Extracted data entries
lemma norm_lacunary_partial_product_le:
  fixes z :: complex and s :: "nat \<Rightarrow> real"
  assumes "\<And>k. 2 * s k ^ N k \<le> (1/2)^k" "norm z < 1"
  shows "norm (\<Prod>k<n. 1 + 2 * z ^ N k) \<le> exp 2 * 3 ^ card {k. k < n \<and> s k < norm z}"
proof -
  define r where "r = norm z"
  have factor_le: "1 + 2 * r ^ N k \<le> (1 + (1/2)^k) * (if s k < r then 3 else 1)" for k
  proof (cases "s k < r")
    case True
    have "r ^ N k \<le> 1" using assms(2) by (simp add: r_def power_le_one)
    then have "1 + 2 * r ^ N k \<le> 3" by simp
    also have "\<dots> \<le> (1 + (1/2)^k) * 3" by simp
    finally show ?thesis using True by simp
  next
    case False
    then have "r ^ N k \<le> s k ^ N k" by (intro power_mono) (auto simp: r_def)
    then show ?thesis using False assms(1)[of k] by simp
  qed
  have "norm (\<Prod>k<n. 1 + 2 * z ^ N k) \<le> (\<Prod>k<n. 1 + 2 * r ^ N k)"
    unfolding prod_norm[symmetric] r_def
    by (intro prod_mono) (auto simp: norm_mult norm_power intro!: order.trans[OF norm_triangle_ineq])
  also have "\<dots> \<le> (\<Prod>k<n. (1 + (1/2)^k) * (if s k < r then 3 else 1))"
    using factor_le by (intro prod_mono) (simp add: r_def)
  also have "\<dots> = (\<Prod>k<n. 1 + (1/2)^k) * 3 ^ card {k. k < n \<and> s k < r}"
  proof -
    have "(\<Prod>k<n. if s k < r then 3 else 1::real) = (\<Prod>k\<in>{k\<in>{..<n}. s k < r}. 3)"
      by (rule prod.inter_filter[symmetric]) simp
    also have "{k\<in>{..<n}. s k < r} = {k. k < n \<and> s k < r}" by auto
    finally show ?thesis by (simp add: prod.distrib)
  qed
  also have "\<dots> \<le> exp 2 * 3 ^ card {k. k < n \<and> s k < r}"
    using prod_one_plus_half_powers_le_exp_2[of n] by (intro mult_right_mono) auto
  finally show ?thesis by (simp add: r_def)
qed

lemma mult_power_3_card_le:
  fixes A :: "nat set" and c :: real
  assumes "finite A" "0 \<le> c" "\<And>k. k \<in> A \<Longrightarrow> c \<le> (1/4)^k"
  shows "c * 3 ^ card A \<le> max c 3"
proof (cases "A = {}")
  case False
  define m where "m = Max A"
  have "m \<in> A" using assms(1) False by (simp add: m_def)
  have "A \<subseteq> {..m}" using assms(1) by (auto simp: m_def)
  then have "card A \<le> m + 1" using card_mono[of "{..m}" A] by simp
  then have "c * 3 ^ card A \<le> (1/4)^m * 3^(m+1)"
    using assms(2) assms(3)[OF \<open>m \<in> A\<close>] by (intro mult_mono power_increasing) auto
  also have "\<dots> = 3 * (3/4)^m" by (simp add: power_divide field_simps)
  also have "\<dots> \<le> 3" by (simp add: power_le_one)
  finally show ?thesis by simp
qed simp

lemma lacunary_product_in_Hinf_v:
  fixes s :: "nat \<Rightarrow> real"
  assumes "weight v" and thresholds: "\<And>k x. s k < x \<Longrightarrow> x < 1 \<Longrightarrow> v (complex_of_real x) \<le> (1/4)^k"
    and "\<And>k. k \<le> N k" "\<And>k. 2 * s k ^ N k \<le> (1/2)^k"
  shows "lacunary_product N \<in> Hinf_v v"
proof -
  have "v z * norm (lacunary_product N z) \<le> exp 2 * max (v 0) 3" if z: "z \<in> ball 0 1" for z
  proof -
    have radial: "v z = v (complex_of_real (norm z))" and pos: "0 < v z"
      using assms(1) z unfolding weight_def by blast+
    have "v z * norm (\<Prod>k<n. 1 + 2 * z ^ N k) \<le> exp 2 * max (v 0) 3" for n
    proof -
      txt \<open>Each factor with s k < |z| costs a factor 3, which v z \<le> 4^-k absorbs.\<close>
      let ?A = "{k. k < n \<and> s k < norm z}"
      have "v z * norm (\<Prod>k<n. 1 + 2 * z ^ N k) \<le> exp 2 * (v z * 3 ^ card ?A)"
        using norm_lacunary_partial_product_le[OF assms(4), of z n] z pos
        by (simp add: mult_left_mono mult.left_commute)
      also have "v z * 3 ^ card ?A \<le> max (v z) 3"
      proof (rule mult_power_3_card_le)
        show "v z \<le> (1/4)^k" if "k \<in> ?A" for k
          using thresholds[of k "norm z"] that radial z by simp
      qed (use pos in simp_all)
      also have "\<dots> \<le> max (v 0) 3"
        using weight_le_weight_0[OF assms(1) z] by simp
      finally show ?thesis by simp
    qed
    moreover have "(\<lambda>n. v z * norm (\<Prod>k<n. 1 + 2 * z ^ N k)) \<longlonglongrightarrow> v z * norm (lacunary_product N z)"
      using tendsto_lacunary_product[OF assms(3)] z by (intro tendsto_intros) auto
    ultimately show ?thesis by (intro Lim_bounded[where M = 0]) auto
  qed
  then show ?thesis
    unfolding Hinf_v_def using holomorphic_lacunary_product[OF assms(3)] by blast
qed

lemma Hinf_v_function_vanishing_on_roots_of_neg_half:
  assumes "weight v"
  obtains F and N :: "nat \<Rightarrow> nat"
  where "F \<in> Hinf_v v" "F 0 = 1" "strict_mono N" "\<And>k. N k > 0"
    "\<And>k z. z ^ N k = -1/2 \<Longrightarrow> F z = 0"
proof -
  obtain s where s: "\<And>k. 0 \<le> s k" "\<And>k. s k < 1"
    and thresholds: "\<And>k x. s k < x \<Longrightarrow> x < 1 \<Longrightarrow> v (complex_of_real x) \<le> (1/4)^k"
    by (rule weight_tail_thresholds[OF assms, where \<epsilon> = "\<lambda>k. (1/4)^k"]) (simp_all, blast)
  obtain N where N: "strict_mono N" "\<And>k. k < N k" "\<And>k. 2 * s k ^ N k \<le> (1/2)^k"
    using lacunary_exponents_exist[of s] s by blast
  have N_ge: "k \<le> N k" and N_pos: "0 < N k" for k
    using N(2)[of k] by simp_all
  show ?thesis
  proof (rule that[of "lacunary_product N" N])
    show "lacunary_product N \<in> Hinf_v v"
      using assms thresholds N_ge N(3) by (rule lacunary_product_in_Hinf_v)
    show "lacunary_product N 0 = 1" using N_pos by (rule lacunary_product_0)
    show "lacunary_product N z = 0" if "z ^ N k = -1/2" for k z
      using N_ge that by (rule lacunary_product_eq_0_if_power_eq_neg_half)
  qed (use N(1) N_pos in simp_all)
qed

lemma const_in_Hinf_v:
  assumes "weight v"
  shows "(\<lambda>_. a) \<in> Hinf_v v"
  unfolding Hinf_v_def
proof (intro CollectI conjI exI ballI)
  fix z :: complex
  assume "z \<in> ball 0 1"
  then show "v z * norm a \<le> v 0 * norm a"
    by (intro mult_right_mono weight_le_weight_0[OF assms]) auto
qed simp

lemma HD_subspace_add:
  assumes "HD_subspace Y" "f \<in> Y" "g \<in> Y"
  shows "(\<lambda>z. f z + g z) \<in> Y"
  using assms(1) by (simp add: HD_subspace_def assms(2,3))

lemma HD_subspace_scale:
  assumes "HD_subspace Y" "f \<in> Y"
  shows "(\<lambda>z. c * f z) \<in> Y"
  using assms(1) by (simp add: HD_subspace_def assms(2))

lemma holomorphic_superpos_op:
  assumes "\<phi> holomorphic_on UNIV" "w holomorphic_on ball 0 1" "F holomorphic_on ball 0 1"
  shows "superpos_op \<phi> w F holomorphic_on ball 0 1"
proof -
  have "(\<phi> \<circ> F) holomorphic_on ball 0 1"
    by (rule holomorphic_on_compose_gen[OF assms(3,1)]) simp
  then show ?thesis
    unfolding superpos_op_def o_def by (rule holomorphic_on_mult[OF assms(2)])
qed

lemma superpos_op_not_identically_0:
  fixes w \<psi> F :: "complex \<Rightarrow> complex"
  assumes "w holomorphic_on ball 0 1" "\<exists>z\<in>ball 0 1. w z \<noteq> 0"
    and "\<psi> holomorphic_on UNIV" "\<exists>x. \<psi> x \<noteq> 0"
    and "F holomorphic_on ball 0 1" "a \<in> ball 0 1" "b \<in> ball 0 1" "F a \<noteq> F b"
  shows "\<exists>z\<in>ball 0 1. superpos_op \<psi> w F z \<noteq> 0"
proof (rule ccontr)
  assume all_zero: "\<not> ?thesis"
  obtain y where y: "y \<in> ball 0 1" "w y \<noteq> 0" using assms(2) by blast
  have "(\<psi> \<circ> F) holomorphic_on ball 0 1"
    by (rule holomorphic_on_compose_gen[OF assms(5,3)]) simp
  then have vanishes_on_image: "\<psi> (F z) = 0" if "z \<in> ball 0 1" for z
    unfolding o_def
    by (rule holomorphic_mult_eq_0_imp_eq_0[OF assms(1) _ open_ball connected_ball _ y that])
      (use all_zero in \<open>auto simp: superpos_op_def\<close>)
  have "\<psi> x = 0" for x
  proof (rule entire_eq_0_if_eq_0_on_connected[OF assms(3), where U = "F ` ball 0 1" and a = "F a" and b = "F b"])
    show "connected (F ` ball 0 1)"
      by (rule connected_continuous_image[OF holomorphic_on_imp_continuous_on[OF assms(5)] connected_ball])
  qed (use assms(6-8) vanishes_on_image in auto)
  with assms(4) show False by blast
qed

lemma superpos_op_into_Blaschke_space_imp_constant:
  assumes "HD_subspace Y" and blaschke: "\<forall>h\<in>Y. (\<exists>z\<in>ball 0 1. h z \<noteq> 0) \<longrightarrow> blaschke_zeros h"
    and "weight v" "w holomorphic_on ball 0 1" "\<exists>z\<in>ball 0 1. w z \<noteq> 0" "w \<in> Y"
    and "\<phi> holomorphic_on UNIV" and maps: "\<forall>f\<in>Hinf_v v. superpos_op \<phi> w f \<in> Y"
  shows "\<exists>c. \<forall>z. \<phi> z = c"
proof (rule ccontr)
  assume nonconstant: "\<nexists>c. \<forall>z. \<phi> z = c"
  obtain F and N :: "nat \<Rightarrow> nat" where F: "F \<in> Hinf_v v" "F 0 = 1" "strict_mono N" "\<And>k. N k > 0"
    "\<And>k z. z ^ N k = -1/2 \<Longrightarrow> F z = 0"
    using Hinf_v_function_vanishing_on_roots_of_neg_half[OF assms(3)] by blast
  obtain z0 :: complex where z0: "z0 ^ N 0 = -1/2" using ex_power_eq_neg_half[OF F(4)[of 0]] .
  have F_holomorphic: "F holomorphic_on ball 0 1" using F(1) by (simp add: Hinf_v_def)
  define \<psi> where "\<psi> x = \<phi> x - \<phi> 0" for x
  have \<psi>_holomorphic: "\<psi> holomorphic_on UNIV"
    unfolding \<psi>_def using assms(7) by (intro holomorphic_intros)
  have \<psi>_nonzero: "\<exists>x. \<psi> x \<noteq> 0" using nonconstant by (auto simp: \<psi>_def)
  define h where "h = superpos_op \<psi> w F"
  have "h = (\<lambda>z. superpos_op \<phi> w F z + (- \<phi> 0) * w z)"
    by (simp add: h_def \<psi>_def superpos_op_def fun_eq_iff algebra_simps)
  also have "\<dots> \<in> Y"
    by (rule HD_subspace_add[OF assms(1) maps[rule_format, OF F(1)] HD_subspace_scale[OF assms(1,6)]])
  finally have "h \<in> Y" .
  moreover have nonzero: "\<exists>z\<in>ball 0 1. h z \<noteq> 0"
    unfolding h_def
  proof (rule superpos_op_not_identically_0[OF assms(4,5) \<psi>_holomorphic \<psi>_nonzero F_holomorphic])
    show "z0 \<in> ball 0 1" using norm_lt_1_if_power_eq_neg_half[OF z0] by simp
    show "F z0 \<noteq> F 0" using F(2) F(5)[OF z0] by simp
  qed simp
  moreover have "\<not> blaschke_zeros h"
  proof (rule not_blaschke_zeros_if_vanishes_on_roots_of_neg_half[OF _ nonzero strict_mono_imp_inj_on[OF F(3)] F(4)])
    show "h holomorphic_on ball 0 1"
      unfolding h_def by (rule holomorphic_superpos_op[OF \<psi>_holomorphic assms(4) F_holomorphic])
    show "h z = 0" if "z ^ N k = -1/2" for k z
      using F(5)[OF that] by (simp add: h_def \<psi>_def superpos_op_def)
  qed
  ultimately show False using blaschke by blast
qed

theorem corollary1:
  fixes Y :: "(complex \<Rightarrow> complex) set" and v :: "complex \<Rightarrow> real"
    and w \<phi> :: "complex \<Rightarrow> complex"
  assumes "HD_subspace Y"
    and "\<forall>h\<in>Y. (\<exists>z\<in>ball 0 1. h z \<noteq> 0) \<longrightarrow> blaschke_zeros h"
    and "weight v"
    and "w holomorphic_on ball 0 1" and "\<exists>z\<in>ball 0 1. w z \<noteq> 0"
    and "\<phi> holomorphic_on UNIV" and "\<exists>z. \<phi> z \<noteq> 0"
  shows "(\<forall>f\<in>Hinf_v v. superpos_op \<phi> w f \<in> Y) \<longleftrightarrow> (w \<in> Y \<and> (\<exists>c. \<forall>z. \<phi> z = c))"
proof
  assume maps: "\<forall>f\<in>Hinf_v v. superpos_op \<phi> w f \<in> Y"
  obtain a where "\<phi> a \<noteq> 0" using assms(7) by blast
  then have "w = (\<lambda>z. inverse (\<phi> a) * superpos_op \<phi> w (\<lambda>_. a) z)"
    by (simp add: superpos_op_def fun_eq_iff)
  also have "\<dots> \<in> Y"
    by (rule HD_subspace_scale[OF assms(1)]) (use maps const_in_Hinf_v[OF assms(3)] in blast)
  finally have "w \<in> Y" .
  with assms maps show "w \<in> Y \<and> (\<exists>c. \<forall>z. \<phi> z = c)"
    using superpos_op_into_Blaschke_space_imp_constant by blast
next
  assume "w \<in> Y \<and> (\<exists>c. \<forall>z. \<phi> z = c)"
  then obtain c where "w \<in> Y" "\<And>z. \<phi> z = c" by blast
  then show "\<forall>f\<in>Hinf_v v. superpos_op \<phi> w f \<in> Y"
    using HD_subspace_scale[OF assms(1), of w c] by (simp add: superpos_op_def mult.commute)
qed

end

### Brief:
Given the records above, restate word for word only the lines starting at the one with "define \<psi> where" and ending at the one with "strict_mono_imp_inj_on[OF F(3)] F(4)])".

### Exercise output:
  define \<psi> where "\<psi> x = \<phi> x - \<phi> 0" for x
  have \<psi>_holomorphic: "\<psi> holomorphic_on UNIV"
    unfolding \<psi>_def using assms(7) by (intro holomorphic_intros)
  have \<psi>_nonzero: "\<exists>x. \<psi> x \<noteq> 0" using nonconstant by (auto simp: \<psi>_def)
  define h where "h = superpos_op \<psi> w F"
  have "h = (\<lambda>z. superpos_op \<phi> w F z + (- \<phi> 0) * w z)"
    by (simp add: h_def \<psi>_def superpos_op_def fun_eq_iff algebra_simps)
  also have "\<dots> \<in> Y"
    by (rule HD_subspace_add[OF assms(1) maps[rule_format, OF F(1)] HD_subspace_scale[OF assms(1,6)]])
  finally have "h \<in> Y" .
  moreover have nonzero: "\<exists>z\<in>ball 0 1. h z \<noteq> 0"
    unfolding h_def
  proof (rule superpos_op_not_identically_0[OF assms(4,5) \<psi>_holomorphic \<psi>_nonzero F_holomorphic])
    show "z0 \<in> ball 0 1" using norm_lt_1_if_power_eq_neg_half[OF z0] by simp
    show "F z0 \<noteq> F 0" using F(2) F(5)[OF z0] by simp
  qed simp
  moreover have "\<not> blaschke_zeros h"
  proof (rule not_blaschke_zeros_if_vanishes_on_roots_of_neg_half[OF _ nonzero strict_mono_imp_inj_on[OF F(3)] F(4)])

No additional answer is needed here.